Ходасевич Владислав Фелицианович (1886—1939) — поэт, литературный критик, мемуарист, переводчик. В 1922 г. уехал за границу, жил в Берлине, Праге, Италии, с 1925 г. — в Париже. В 1920-е гг. Ходасевич становится ведущим эмигрантским критиком. С 1927 г. был сотрудником парижской газеты «Возрождение», где публиковались его литературно-критические статьи. Автор биографической книги «Державин» (1931), сборника статей «О Пушкине» (1937), в числе неосуществленных замыслов — биография Пушкина. В последние годы работал над статьями и очерками о писателях-современниках (М. Горьком, А. Блоке, А. Белом и др.), из которых составилась книга «Некрополь. Воспоминания» (1939). Новейшее издание: Ходасевич В.Ф. Собр. соч.: В 4 т. М., 1996—1997.
1. Первая строфа стихотворения Г.Р. Державина «Лебедь» (1808).

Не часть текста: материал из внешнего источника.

text \<open>A morphism sigma : alpha -> beta of R~(X) is encoded as the triple (alpha, sigma, beta)
  (hom-sets of a category being taken disjoint).\<close>
definition Rtil :: "('o,'m) schemoid \<Rightarrow> ('m set, 'm set \<times> 'm set \<times> 'm set) cat" where
  "Rtil X = \<lparr> Obj = S0 X,
       Mor = {(\<alpha>, \<sigma>, \<beta>). \<alpha> \<in> S0 X \<and> \<beta> \<in> S0 X \<and> \<sigma> \<in> Blocks X \<and>
                         pnum (Cat X) \<sigma> \<alpha> \<sigma> = 1 \<and> pnum (Cat X) \<beta> \<sigma> \<sigma> = 1},
       Dom = fst, Cod = (\<lambda>t. snd (snd t)), Idm = (\<lambda>\<alpha>. (\<alpha>, \<alpha>, \<alpha>)),
       Comp = (\<lambda>p q. (fst q,
                        THE \<mu>. \<mu> \<in> Blocks X \<and> pnum (Cat X) (fst (snd p)) (fst (snd q)) \<mu> = 1,
                        snd (snd p))) \<rparr>"

definition Rtil_fun :: "('o,'m) schemoid \<Rightarrow> ('p,'n) schemoid \<Rightarrow> ('o \<Rightarrow> 'p) \<times> ('m \<Rightarrow> 'n)
     \<Rightarrow> ('m set \<Rightarrow> 'n set) \<times> ('m set \<times> 'm set \<times> 'm set \<Rightarrow> 'n set \<times> 'n set \<times> 'n set)" where
  "Rtil_fun X Y F =
     (let Bl = (\<lambda>\<sigma>. THE \<tau>. \<tau> \<in> Blocks Y \<and> snd F ` \<sigma> \<subseteq> \<tau>) in
      (restrict Bl (S0 X),
       restrict (\<lambda>(\<alpha>, \<sigma>, \<beta>). (Bl \<alpha>, Bl \<sigma>, Bl \<beta>)) (Mor (Rtil X))))"
lemma local_homeomorphism_disjoint_sheets:
  assumes "local_homeomorphism X Y f" "Hausdorff_space X" "finite F" "F \<subseteq> topspace X"
  obtains V where "\<And>x. x \<in> F \<Longrightarrow> x \<in> V x \<and> homeomorphic_onto_open X Y f (V x)"
    "\<And>x y. \<lbrakk>x \<in> F; y \<in> F; x \<noteq> y\<rbrakk> \<Longrightarrow> disjnt (V x) (V y)"
proof -
  obtain W where W: "\<And>x. x \<in> F \<Longrightarrow> openin X (W x) \<and> x \<in> W x"
    "\<And>x y. \<lbrakk>x \<in> F; y \<in> F; x \<noteq> y\<rbrakk> \<Longrightarrow> disjnt (W x) (W y)"
    using Hausdorff_space_finite_disjoint_neighbourhoods assms(2-4) by metis
  obtain U where U: "\<And>x. x \<in> F \<Longrightarrow> x \<in> U x \<and> homeomorphic_onto_open X Y f (U x)"
    using assms(1,4) unfolding local_homeomorphism_iff_homeomorphic_onto_open by (metis subsetD)
  show thesis
  proof
    show "x \<in> U x \<inter> W x \<and> homeomorphic_onto_open X Y f (U x \<inter> W x)" if "x \<in> F" for x
    proof -
      have "openin X (U x \<inter> W x)"
        using U[OF that] W(1)[OF that] by (auto simp: homeomorphic_onto_open_def)
      then show ?thesis
        using U[OF that] W(1)[OF that] homeomorphic_onto_open_subset by blast
    qed
    show "disjnt (U x \<inter> W x) (U y \<inter> W y)" if "x \<in> F" "y \<in> F" "x \<noteq> y" for x y
      using W(2)[OF that] by (auto simp: disjnt_def)
  qed
qed

lemma evenly_covered_by_sheets:
  assumes f: "continuous_map X Y f" and U: "openin Y U"
    and sheets: "\<And>x. x \<in> F \<Longrightarrow> homeomorphic_onto_open X Y f (V x) \<and> U \<subseteq> f ` V x"
    and disj: "\<And>x y. \<lbrakk>x \<in> F; y \<in> F; x \<noteq> y\<rbrakk> \<Longrightarrow> disjnt (V x) (V y)"
    and cover: "{z \<in> topspace X. f z \<in> U} \<subseteq> (\<Union>x \<in> F. V x)"
  shows "evenly_covered X Y f U"
proof -
  define S where "S x = {z \<in> topspace X. f z \<in> U} \<inter> V x" for x
  have S: "homeomorphic_onto_open X Y f (S x) \<and> f ` S x = U" if "x \<in> F" for x
  proof
    have "openin X (S x)"
      unfolding S_def using sheets[OF that] openin_continuous_map_preimage[OF f U]
      by (auto simp: homeomorphic_onto_open_def)
    then show "homeomorphic_onto_open X Y f (S x)"
      using sheets[OF that] homeomorphic_onto_open_subset unfolding S_def by blast
    show "f ` S x = U"
      using sheets[OF that] openin_subset[of X "V x"]
      unfolding S_def homeomorphic_onto_open_def by blast
  qed
  show ?thesis
    unfolding evenly_covered_def
  proof (intro conjI exI[of _ "S ` F"])
    show "\<Union> (S ` F) = {z \<in> topspace X. f z \<in> U}"
      using cover unfolding S_def by blast
    show "pairwise disjnt (S ` F)"
      using disj unfolding S_def pairwise_def disjnt_def by blast
    show "\<forall>W \<in> S ` F. openin X W \<and> homeomorphic_map (subtopology X W) (subtopology Y U) f"
      using S by (auto simp: homeomorphic_onto_open_def)
  qed (fact U)
qed

lemma card_fibre_eq_card_sheets:
  assumes sheets: "\<And>x. x \<in> F \<Longrightarrow> inj_on f (V x) \<and> V x \<subseteq> A \<and> u \<in> f ` V x"
    and disj: "\<And>x y. \<lbrakk>x \<in> F; y \<in> F; x \<noteq> y\<rbrakk> \<Longrightarrow> disjnt (V x) (V y)"
    and cover: "{z \<in> A. f z = u} \<subseteq> (\<Union>x \<in> F. V x)"
  shows "card {z \<in> A. f z = u} = card F"
proof -
  have lift: "inv_into (V x) f u \<in> V x \<and> f (inv_into (V x) f u) = u" if "x \<in> F" for x
    using sheets[OF that] by (auto intro: inv_into_into f_inv_into_f)
  have "bij_betw (\<lambda>x. inv_into (V x) f u) F {z \<in> A. f z = u}"
  proof (rule bij_betwI')
    show "(inv_into (V x) f u = inv_into (V y) f u) \<longleftrightarrow> x = y" if "x \<in> F" "y \<in> F" for x y
      using lift[OF that(1)] lift[OF that(2)] disj[OF that] by (cases "x = y") (auto simp: disjnt_iff)
    show "inv_into (V x) f u \<in> {z \<in> A. f z = u}" if "x \<in> F" for x
      using lift[OF that] sheets[OF that] by auto
    show "\<exists>x \<in> F. z = inv_into (V x) f u" if z: "z \<in> {z \<in> A. f z = u}" for z
    proof -
      obtain x where "x \<in> F" "z \<in> V x"
        using cover z by blast
      moreover have "inv_into (V x) f u = z"
        using inv_into_f_f[OF conjunct1[OF sheets[OF \<open>x \<in> F\<close>]] \<open>z \<in> V x\<close>] z by simp
      ultimately show ?thesis
        by blast
    qed
  qed
  from bij_betw_same_card[OF this] show ?thesis
    by simp
qed
lemma Dp_rat_strict_mono:
  assumes "a < b" "F < f" "0 < f" "0 < l" "l < 1"
    and "Dp_region F f l a" "Dp_region F f l b"
  shows "Dp_rat F f l a < Dp_rat F f l b"
proof (rule DERIV_pos_imp_increasing[OF \<open>a < b\<close>])
  fix t assume "a \<le> t" "t \<le> b"
  then have "Dp_region F f l t" using Dp_region_between assms(6,7) by blast
  then obtain y where "(Dp_rat F f l has_real_derivative y) (at t)" "sgn y = sgn (f - F)"
    using Dp_rat_derivative_sgn assms(3-5) by blast
  then show "\<exists>y. (Dp_rat F f l has_real_derivative y) (at t) \<and> 0 < y"
    using \<open>F < f\<close> by (auto simp: sgn_if split: if_splits)
qed

lemma Dp_rat_equal_rates:
  assumes "Dp_region f f l t"
  shows "Dp_rat f f l t = 1 + (1-f)/(f-l)"
proof -
  have "Dp_num f f l t = (1-f)*(t*(t*(t-l)))"
    unfolding Dp_num_def by (simp add: algebra_simps power2_eq_square power3_eq_cube)
  moreover have "Dp_den f f l t = (f-l)*(t*(t*(t-l)))"
    unfolding Dp_den_def by (simp add: algebra_simps)
  moreover have "t*(t*(t-l)) \<noteq> 0" using assms unfolding Dp_region_def by auto
  ultimately show ?thesis unfolding Dp_rat_def by simp
qed

lemma mu_p_strict_mono:
  assumes "fpd < 1" "0 < fps" "x < y"
  shows "mu_p fpd fps x < mu_p fpd fps y"
  using assms unfolding mu_p_def a_val_def by (simp add: mult.assoc mult_strict_right_mono)

lemma PA_set_bounds:
  assumes "0 < fpd" "fpd < 1" "0 < fps" "fps < 1" "0 < fsd" "0 < lp" "pq < 1"
    and "pa \<in> PA_set fpd fps fsd pq lp ls"
  defines "mu \<equiv> mu_p fpd fps pa"
  shows "Dp_region ((1-pq)*fsd) fpd lp mu" "mu < 1" "ls * mu < pq*fsd*(mu - lp)"
proof -
  define a where "a = pa * fps * (1 - fpd)"
  define F where "F = (1-pq)*fsd"
  have pa: "0 \<le> pa" "pa \<le> 1" "stable fpd fps fsd pq pa lp ls"
    using assms(8) unfolding PA_set_def by auto
  have mu: "mu = fpd + a" unfolding mu_def a_def mu_p_def a_val_def by simp
  have a0: "0 \<le> a" unfolding a_def using pa assms by simp
  have "a \<le> fps * (1-fpd)" unfolding a_def using pa assms by (simp add: mult_left_le_one_le)
  moreover have "fps * (1-fpd) < 1 - fpd" using assms by simp
  ultimately show mu1: "mu < 1" unfolding mu by linarith
  have F0: "0 < F" unfolding F_def using assms by simp
  have "lp < F * mu / (F + a)"
    using pa(3) unfolding stable_def F_def a_def mu_def by (simp add: mult.commute)
  then have v: "lp * (F + a) < F * mu" using F0 a0 by (simp add: pos_less_divide_eq)
  have "lp * F < F * mu" using v a0 assms by (smt (verit) mult_left_mono)
  then have lmu: "lp < mu" using F0 by (simp add: mult.commute)
  then show "Dp_region ((1-pq)*fsd) fpd lp mu"
    using v mu a0 mu1 unfolding Dp_region_def F_def by (auto simp: algebra_simps)
  have "ls < pq * fsd * (1 - lp / mu)" using pa(3) unfolding stable_def mu_def by simp
  then have "ls * mu < pq * fsd * (1 - lp / mu) * mu" using lmu assms by simp
  also have "\<dots> = pq*fsd*(mu - lp)" using lmu assms by (simp add: field_simps)
  finally show "ls * mu < pq*fsd*(mu - lp)" .
qed

lemma D_p_eq_Dp_rat:
  assumes "0 < lp" "Dp_region ((1-pq)*fsd) fpd lp (mu_p fpd fps pa)"
  shows "D_p fpd fps fsd pq pa lp = Dp_rat ((1-pq)*fsd) fpd lp (mu_p fpd fps pa)"
proof -
  define a where "a = a_val fpd fps pa"
  define mu where "mu = mu_p fpd fps pa"
  define F where "F = (1-pq)*fsd"
  define U where "U = mu - lp"
  define V where "V = (F-lp)*mu - lp*(F-fpd)"
  have a: "a = mu - fpd" unfolding a_def mu_def mu_p_def by simp
  have nz: "lp \<noteq> 0" "mu \<noteq> 0" "U \<noteq> 0" "V \<noteq> 0"
    using assms unfolding Dp_region_def mu_def F_def U_def V_def by (auto simp: algebra_simps)
  have den: "((1-pq)*fsd + a) * lp^2 + mu * (- 2 * (1-pq)*fsd - a) * lp + (1-pq)*fsd * mu^2 = U*V"
    unfolding a F_def U_def V_def by algebra
  have "D_p fpd fps fsd pq pa lp
      = ((lp - lp^2)/U + (a * ((F - fpd)/mu - F - a) * lp^2 + a * mu * lp)/(U*V))/lp"
    unfolding D_p_def N_p_def N_sp_def Let_def a_def[symmetric] mu_def[symmetric] den
    unfolding F_def U_def by simp
  also have "\<dots> = ((lp - lp^2)*mu*V + (a * ((F - fpd) - F*mu - a*mu) * lp^2 + a*mu*mu*lp))
                   / (mu*U*V*lp)"
    using nz by (simp add: field_simps)
  also have "\<dots> = (mu*U*V + Dp_num F fpd lp mu) * lp / (mu*U*V*lp)"
    unfolding Dp_num_def
    by (rule arg_cong[where f="\<lambda>x. x / (mu*U*V*lp)"]) (unfold U_def V_def a, algebra)
  also have "\<dots> = Dp_rat F fpd lp mu"
    unfolding Dp_rat_def Dp_den_def using nz
    unfolding U_def[symmetric] V_def[symmetric] by (simp add: field_simps)
  finally show ?thesis unfolding F_def mu_def .
qed

text \<open>The SU delay as a function of \<open>t = \<mu>\<^sub>p\<close>, with \<open>s = p\<^sub>q f\<^sub>s\<^sub>d\<close>, \<open>l = \<lambda>\<^sub>p\<close>, \<open>r = \<lambda>\<^sub>s\<close>.\<close>

definition Ds_rat :: "real \<Rightarrow> real \<Rightarrow> real \<Rightarrow> real \<Rightarrow> real" where
  "Ds_rat s l r t = l*s*(1-t)/((t-l)*(s*(t-l) - r*t)) + (1-r)*t/(s*(t-l) - r*t)"

lemma D_s_eq_Ds_rat:
  assumes "0 < ls" "lp < mu_p fpd fps pa"
    and "ls * mu_p fpd fps pa < pq*fsd*(mu_p fpd fps pa - lp)"
  shows "D_s fpd fps fsd pq pa lp ls = Ds_rat (pq*fsd) lp ls (mu_p fpd fps pa)"
proof -
  define t where "t = mu_p fpd fps pa"
  define s where "s = pq*fsd"
  define U where "U = t - lp"
  define E where "E = s*U - ls*t"
  have nz: "U \<noteq> 0" "E \<noteq> 0" "ls \<noteq> 0" using assms unfolding t_def U_def E_def s_def by auto
  have C: "(ls - pq*fsd) * t + pq*fsd * lp = - E" unfolding E_def U_def s_def by (simp add: algebra_simps)
  have "D_s fpd fps fsd pq pa lp ls
      = (lp * ls * (s*(t-1)) + (ls^2 - ls) * U * (U + lp)) / (U * (-E)) / ls"
    unfolding D_s_def N_s_def Let_def t_def[symmetric] C[symmetric] U_def s_def by simp
  also have "\<dots> = lp*s*(1-t)/(U*E) + (1-ls)*t/E"
    using nz unfolding U_def by (simp add: field_simps power2_eq_square)
  finally show ?thesis unfolding Ds_rat_def t_def s_def U_def E_def .
qed

lemma Ds_rat_strict_antimono:
  assumes "t1 < t2" "l < t1" "t2 < 1" "0 < l" "0 < r" "r < 1"
    and "r * t1 < s*(t1 - l)" "r * t2 < s*(t2 - l)"
  shows "Ds_rat s l r t2 < Ds_rat s l r t1"
proof -
  define E1 where "E1 = s*(t1-l) - r*t1"
  define E2 where "E2 = s*(t2-l) - r*t2"
  have E1: "0 < E1" and E2: "0 < E2" using assms unfolding E1_def E2_def by auto
  have "0 < r*t1" using assms by simp
  then have "0 < s*(t1-l)" using assms(7) by linarith
  then have "0 < s" using assms by (simp add: zero_less_mult_iff)
  then have "0 < s*l" using assms by simp
  then have "r*t1 < s*t1" using assms(7) by (simp add: right_diff_distrib)
  then have "r < s" using assms by simp
  then have "0 < (s-r)*(t2-t1)" using assms by simp
  moreover have "E2 - E1 = (s-r)*(t2-t1)" unfolding E1_def E2_def by (simp add: algebra_simps)
  ultimately have "E1 < E2" by simp
  then have "(t1-l)*E1 < (t2-l)*E2" using E1 assms by (intro mult_strict_mono) auto
  moreover have "0 < (t1-l)*E1" using E1 assms by simp
  moreover have "0 \<le> l*s*(1-t2)" "l*s*(1-t2) < l*s*(1-t1)"
    using assms \<open>r < s\<close> by auto
  ultimately have first: "l*s*(1-t2)/((t2-l)*E2) < l*s*(1-t1)/((t1-l)*E1)"
    by (simp add: frac_less)
  have "t1*E2 - t2*E1 = s*l*(t2-t1)" unfolding E1_def E2_def by (simp add: algebra_simps)
  moreover have "0 \<le> s*l*(t2-t1)" using assms \<open>r < s\<close> by simp
  ultimately have "t2/E2 \<le> t1/E1" using E1 E2 by (simp add: divide_le_eq le_divide_eq mult.commute)
  then have "(1-r)*t2/E2 \<le> (1-r)*t1/E1" using assms
    by (metis mult_left_mono diff_ge_0_iff_ge less_eq_real_def times_divide_eq_right)
  with first show ?thesis unfolding Ds_rat_def E1_def E2_def by linarith
qed

theorem lemma4:
  fixes fpd fps fsd pq lp ls :: real
  assumes "0 < fpd" "fpd < 1" "0 < fps" "fps < 1" "0 < fsd" "fsd < 1" "fpd < fsd"
    and "0 < lp" "lp < 1" "0 < ls" "ls < 1" "0 < pq" "pq < 1"
  defines "S \<equiv> PA_set fpd fps fsd pq lp ls"
  shows "(pq < 1 - fpd / fsd \<longrightarrow>
            (\<forall>x\<in>S. \<forall>y\<in>S. x < y \<longrightarrow> D_p fpd fps fsd pq y lp < D_p fpd fps fsd pq x lp))
       \<and> (pq > 1 - fpd / fsd \<longrightarrow>
            (\<forall>x\<in>S. \<forall>y\<in>S. x < y \<longrightarrow> D_p fpd fps fsd pq x lp < D_p fpd fps fsd pq y lp))
       \<and> (pq = 1 - fpd / fsd \<longrightarrow>
            (\<forall>x\<in>S. \<forall>y\<in>S. D_p fpd fps fsd pq x lp = D_p fpd fps fsd pq y lp))
       \<and> (\<forall>x\<in>S. \<forall>y\<in>S. x < y \<longrightarrow> D_s fpd fps fsd pq y lp ls < D_s fpd fps fsd pq x lp ls)"
proof -
  define F where "F = (1-pq)*fsd"
  define mu where "mu = mu_p fpd fps"
  note bounds = PA_set_bounds[where ls = ls, OF assms(1-5,8,13), folded S_def F_def mu_def]
  have mono: "mu x < mu y" if "x < y" for x y
    unfolding mu_def using mu_p_strict_mono assms(2,3) that by blast
  have Dp: "D_p fpd fps fsd pq x lp = Dp_rat F fpd lp (mu x)" if "x \<in> S" for x
    using D_p_eq_Dp_rat assms(8) bounds(1)[OF that] unfolding F_def mu_def by blast
  have Ds: "D_s fpd fps fsd pq x lp ls = Ds_rat (pq*fsd) lp ls (mu x)" if "x \<in> S" for x
    using D_s_eq_Ds_rat assms(10) bounds[OF that] unfolding Dp_region_def mu_def by blast
  have "pq < 1 - fpd / fsd \<longleftrightarrow> fpd < F" "pq > 1 - fpd / fsd \<longleftrightarrow> F < fpd"
    "pq = 1 - fpd / fsd \<longleftrightarrow> F = fpd"
    unfolding F_def using assms by (auto simp: field_simps)
  moreover have "D_p fpd fps fsd pq y lp < D_p fpd fps fsd pq x lp"
    if "fpd < F" "x \<in> S" "y \<in> S" "x < y" for x y
    using Dp_rat_strict_antimono[OF mono[OF that(4)] that(1) assms(1,8,9) bounds(1)[OF that(2)]
        bounds(1)[OF that(3)]] Dp that by simp
  moreover have "D_p fpd fps fsd pq x lp < D_p fpd fps fsd pq y lp"
    if "F < fpd" "x \<in> S" "y \<in> S" "x < y" for x y
    using Dp_rat_strict_mono[OF mono[OF that(4)] that(1) assms(1,8,9) bounds(1)[OF that(2)]
        bounds(1)[OF that(3)]] Dp that by simp
  moreover have "D_p fpd fps fsd pq x lp = D_p fpd fps fsd pq y lp"
    if "F = fpd" "x \<in> S" "y \<in> S" for x y
    using Dp_rat_equal_rates bounds(1) Dp that by simp
  moreover have "D_s fpd fps fsd pq y lp ls < D_s fpd fps fsd pq x lp ls"
    if "x \<in> S" "y \<in> S" "x < y" for x y
    using Ds_rat_strict_antimono[OF mono[OF that(3)] _ bounds(2)[OF that(2)] assms(8,10,11)
        bounds(3)[OF that(1)] bounds(3)[OF that(2)]] bounds(1)[OF that(1)] Ds that
    unfolding Dp_region_def by simp
  ultimately show ?thesis by blast
qed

2. Речь идет о подавлении мятежа в Малыковке (ныне г. Вольск в Саратовской обл.), где Державин находился в 1774 г., выполняя поручения А.И. Бибикова — главнокомандующего войсками, посланными против Пугачева.
3. Первая строка стихотворения Г.Р. Державина «Привратнику» (1808).
4. Вольный пересказ фрагмента из воспоминаний М. Горького «А.П. Чехов»; ср.: «Как-то при мне Толстой восхищался рассказом Чехова, кажется — «Душенькой». Он говорил: «Это — как бы кружево, сплетенное целомудренной девушкой; были в старину такие девушки-кружевницы, «вековуши», они всю жизнь свою, все мечты о счастье влагали в узор. Мечтали узорами о самом милом, всю неясную, чистую любовь свою вплетали в кружево». Толстой говорил очень волнуясь, со слезами на глазах. А у Чехова в этот день была повышенная температура, он сидел с красными пятнами на щеках и, наклоня голову, тщательно протирал пенсне. Долго молчал, наконец, вздохнув, сказал тихо и смущенно: «Там — опечатки...»» (А.П. Чехов в воспоминаниях современников. М., 1954. С. 472).
5. См. примеч. 11 к статье Е.И. Замятина «Чехов».
6. Андреевский Сергей Аркадьевич (1847—1918) — юрист, поэт, литературный критик, знакомый А.П. Чехова.
7. Источник этой цитаты — книга З.Н. Гиппиус «Живые лица» (1925; «Благоухание седин», гл. 3), Ходасевич выступил с рецензией на эту книгу.
8. Слова Городничего в финале гоголевской комедии «Ревизор» (1836, 1842): «Ничего не вижу. Вижу какие-то свиные рыла вместо лиц, а больше ничего...» (д. 5, явл. VIII).
9. Слова Вершинина из пьесы «Три сестры» (1901): «Через двести-триста лет жизнь на земле будет невообразимо прекрасной, изумительной» (д. 1); «А пройдет еще немного времени, каких-нибудь двести-триста лет, и на нашу теперешнюю жизнь также будут смотреть и со страхом, и с насмешкой, все нынешнее будет казаться и угловатым, и тяжелым, и очень неудобным, и странным. О, наверное, какая это будет жизнь, какая жизнь!» (д. 3).
10. Перефразированные слова Сони из финала пьесы «Дядя Ваня» (1897).
11. Неточная цитата из заключительной главы II тома «Мертвых душ», слова князя-губернатора: «Дело в том, что пришло нам спасать нашу землю, что гибнет уже земля наша не от нашествия двадцати иноплеменных языков, а от нас самих; что уже, мимо законного управленья, образовалось другое правленье, гораздо сильнейшее всякого законного».